El Observatorio Venezolano de Prisiones (OVP) denunció la muerte de un recluso bajo custodia del Estado, en medio de lo que califica como «un patrón sistemático de abandono y violaciones a los derechos humanos dentro del sistema penitenciario del país».
De acuerdo con la organización, el fallecido fue identificado como Antonio José Manzano, quien murió en la antigua cárcel de El Marite, ubicada en Maracaibo, estado Zulia, tras presentar «un deterioro progresivo de salud sin recibir atención médica adecuada».
«El caso se suma a una serie reciente de muertes registradas en distintos centros de reclusión del país. Entre ellas, el OVP destacó lo ocurrido en el Internado Judicial Yare III, donde fallecieron Keivin Eduardo Matamoros, Eliecer José Córdoba García, Erkin Josué Ramos Flores, José Pascual Andrade Aguilar y Jean Carlos Jiménez Barrios. Aunque la versión oficial atribuye estos decesos a un presunto motín, familiares de las víctimas aseguran que los cuerpos presentaban heridas por arma de fuego, lo que pone en duda la explicación gubernamental», señalaron desde la ONG.
🚨#OVPDenuncia Murió otro preso bajo custodia del Estado en #Venezuela.

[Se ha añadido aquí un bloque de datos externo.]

lemma has_field_derivative_along_line:
  fixes \<phi> :: "'a::real_inner \<Rightarrow> real"
  assumes der: "\<And>y. (\<phi> has_derivative (\<lambda>h. G y \<bullet> h)) (at y)"
  shows "((\<lambda>t. \<phi> (x + t *\<^sub>R v)) has_field_derivative (G (x + t *\<^sub>R v) \<bullet> v)) (at t)"
proof -
  have "((\<lambda>t. x + t *\<^sub>R v) has_derivative (\<lambda>s. s *\<^sub>R v)) (at t)"
    by (auto intro!: derivative_eq_intros)
  from has_derivative_compose[OF this der]
  have "((\<lambda>t. \<phi> (x + t *\<^sub>R v)) has_derivative (\<lambda>s. G (x + t *\<^sub>R v) \<bullet> (s *\<^sub>R v))) (at t)" .
  moreover have "(\<lambda>s. G (x + t *\<^sub>R v) \<bullet> (s *\<^sub>R v)) = (*) (G (x + t *\<^sub>R v) \<bullet> v)"
    by (auto simp: mult.commute)
  ultimately show ?thesis by (simp add: has_field_derivative_def)
qed

lemma lipschitz_gradient_upper_bound:
  fixes \<phi> :: "'a::real_inner \<Rightarrow> real"
  assumes der: "\<And>y. (\<phi> has_derivative (\<lambda>h. G y \<bullet> h)) (at y)"
    and lip: "\<And>y z. norm (G y - G z) \<le> L * norm (y - z)"
  shows "\<phi> y \<le> \<phi> x + G x \<bullet> (y - x) + L / 2 * (norm (y - x))\<^sup>2"
proof -
  define v where "v = y - x"
  define h where "h = (\<lambda>t. \<phi> (x + t *\<^sub>R v) - t * (G x \<bullet> v) - L / 2 * t\<^sup>2 * (norm v)\<^sup>2)"
  have dh: "DERIV h t :> (G (x + t *\<^sub>R v) - G x) \<bullet> v - L * t * (norm v)\<^sup>2" for t
    unfolding h_def inner_diff_left
    by (rule derivative_eq_intros has_field_derivative_along_line[OF der] | simp)+
  have "h 1 \<le> h 0"
  proof (rule DERIV_nonpos_imp_nonincreasing[of 0 1 h])
    fix t :: real assume t: "0 \<le> t" "t \<le> 1"
    have "(G (x + t *\<^sub>R v) - G x) \<bullet> v \<le> norm (G (x + t *\<^sub>R v) - G x) * norm v"
      by (rule norm_cauchy_schwarz)
    also have "\<dots> \<le> (L * norm (t *\<^sub>R v)) * norm v"
      using lip[of "x + t *\<^sub>R v" x] by (intro mult_right_mono) auto
    also have "\<dots> = L * t * (norm v)\<^sup>2" using t by (simp add: power2_eq_square)
    finally show "\<exists>y. DERIV h t :> y \<and> y \<le> 0" using dh[of t] by auto
  qed simp
  then show ?thesis unfolding h_def v_def by simp
qed

lemma convex_on_along_line:
  fixes \<psi> :: "'a::real_vector \<Rightarrow> real"
  assumes "convex_on UNIV \<psi>"
  shows "convex_on UNIV (\<lambda>t. \<psi> (x + t *\<^sub>R v))"
proof (rule convex_onI)
  fix s t u :: real assume u: "0 < u" "u < 1"
  have "x + ((1 - u) *\<^sub>R s + u *\<^sub>R t) *\<^sub>R v = (1 - u) *\<^sub>R (x + s *\<^sub>R v) + u *\<^sub>R (x + t *\<^sub>R v)"
    by (simp add: algebra_simps)
  then show "\<psi> (x + ((1 - u) *\<^sub>R s + u *\<^sub>R t) *\<^sub>R v) \<le> (1 - u) * \<psi> (x + s *\<^sub>R v) + u * \<psi> (x + t *\<^sub>R v)"
    using convex_onD[OF assms, of u] u by simp
qed simp

lemma strongly_convex_lower_bound:
  fixes \<phi> :: "'a::real_inner \<Rightarrow> real"
  assumes der: "\<And>y. (\<phi> has_derivative (\<lambda>h. G y \<bullet> h)) (at y)"
    and cvx: "convex_on UNIV (\<lambda>y. \<phi> y - \<mu> / 2 * (norm y)\<^sup>2)"
  shows "\<phi> x + G x \<bullet> (y - x) + \<mu> / 2 * (norm (y - x))\<^sup>2 \<le> \<phi> y"
proof -
  define v where "v = y - x"
  define \<psi> where "\<psi> = (\<lambda>y. \<phi> y - \<mu> / 2 * (norm y)\<^sup>2)"
  have cv: "convex_on UNIV (\<lambda>t. \<psi> (x + t *\<^sub>R v))"
    using convex_on_along_line cvx unfolding \<psi>_def by blast
  have d: "((\<lambda>t. \<psi> (x + t *\<^sub>R v)) has_field_derivative (G x \<bullet> v - \<mu> * (x \<bullet> v))) (at 0)"
    unfolding \<psi>_def norm_add_scaleR_power2
    by (rule derivative_eq_intros has_field_derivative_along_line[OF der] | simp add: inner_commute)+
  from convex_on_imp_above_tangent[OF cv _ _ _ d, of 1]
  have "G x \<bullet> v - \<mu> * (x \<bullet> v) \<le> \<psi> (x + v) - \<psi> x" by simp
  moreover have "(norm (y - x))\<^sup>2 = (norm y)\<^sup>2 - 2 * (x \<bullet> y) + (norm x)\<^sup>2"
    by (simp add: power2_norm_eq_inner inner_diff_left inner_diff_right inner_commute)
  ultimately show ?thesis
    unfolding \<psi>_def v_def norm_add_scaleR_power2 by (simp add: algebra_simps power2_norm_eq_inner)
qed

lemma strong_convexity_modulus_le_lipschitz_constant:
  fixes \<phi> :: "'a::euclidean_space \<Rightarrow> real"
  assumes der: "\<And>y. (\<phi> has_derivative (\<lambda>h. G y \<bullet> h)) (at y)"
    and lip: "\<And>y z. norm (G y - G z) \<le> L * norm (y - z)"
    and cvx: "convex_on UNIV (\<lambda>y. \<phi> y - \<mu> / 2 * (norm y)\<^sup>2)"
  shows "\<mu> \<le> L"
proof -
  obtain b :: 'a where "b \<in> Basis" using nonempty_Basis by blast
  then have "norm b = 1" by simp
  with strongly_convex_lower_bound[OF der cvx, of 0 b] lipschitz_gradient_upper_bound[OF der lip, of b 0]
  show ?thesis by simp
qed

Se trata de Antonio José Manzano, quien falleció en la antigua cárcel de El Marite, en Maracaibo #Zulia, tras el deterioro de su salud sin recibir atención médica adecuada.
— Observatorio Venezolano de Prisiones (@oveprisiones) April 29, 2026
Su muerte se suma a una secuencia… pic.twitter.com/lh4hjfFXbC
Asimismo, la ONG incluyó otros casos recientes como los de Ovidio José Madriz Mendoza (Rodeo III), Deivi Enrique García (Rodeo IV), Rosqui Norberto Escalona (Uribana) y Yelamo Zárraga José Ramón (Tocuyito), quienes habrían fallecido en contextos relacionados con enfermedades no atendidas oportunamente.
El OVP advirtió que, aunque las causas inmediatas varían, existe un elemento común: se trata de personas que murieron bajo custodia del Estado en condiciones que no garantizan el derecho a la vida ni la integridad física. La organización ha reiterado que enfermarse en prisión en Venezuela representa un riesgo mortal debido a la falta de atención médica, una situación que ha sido documentada de forma reiterada.
En ese sentido, el observatorio planteó una serie de interrogantes sobre la responsabilidad institucional: “¿Por qué continúan muriendo personas bajo custodia del Estado? ¿Qué ocurrió realmente en Yare III? ¿Quién responde por estas muertes?”, cuestionó.
También señaló la ausencia de acciones efectivas por parte de organismos como el Ministerio Público, la Defensoría del Pueblo y los jueces de ejecución.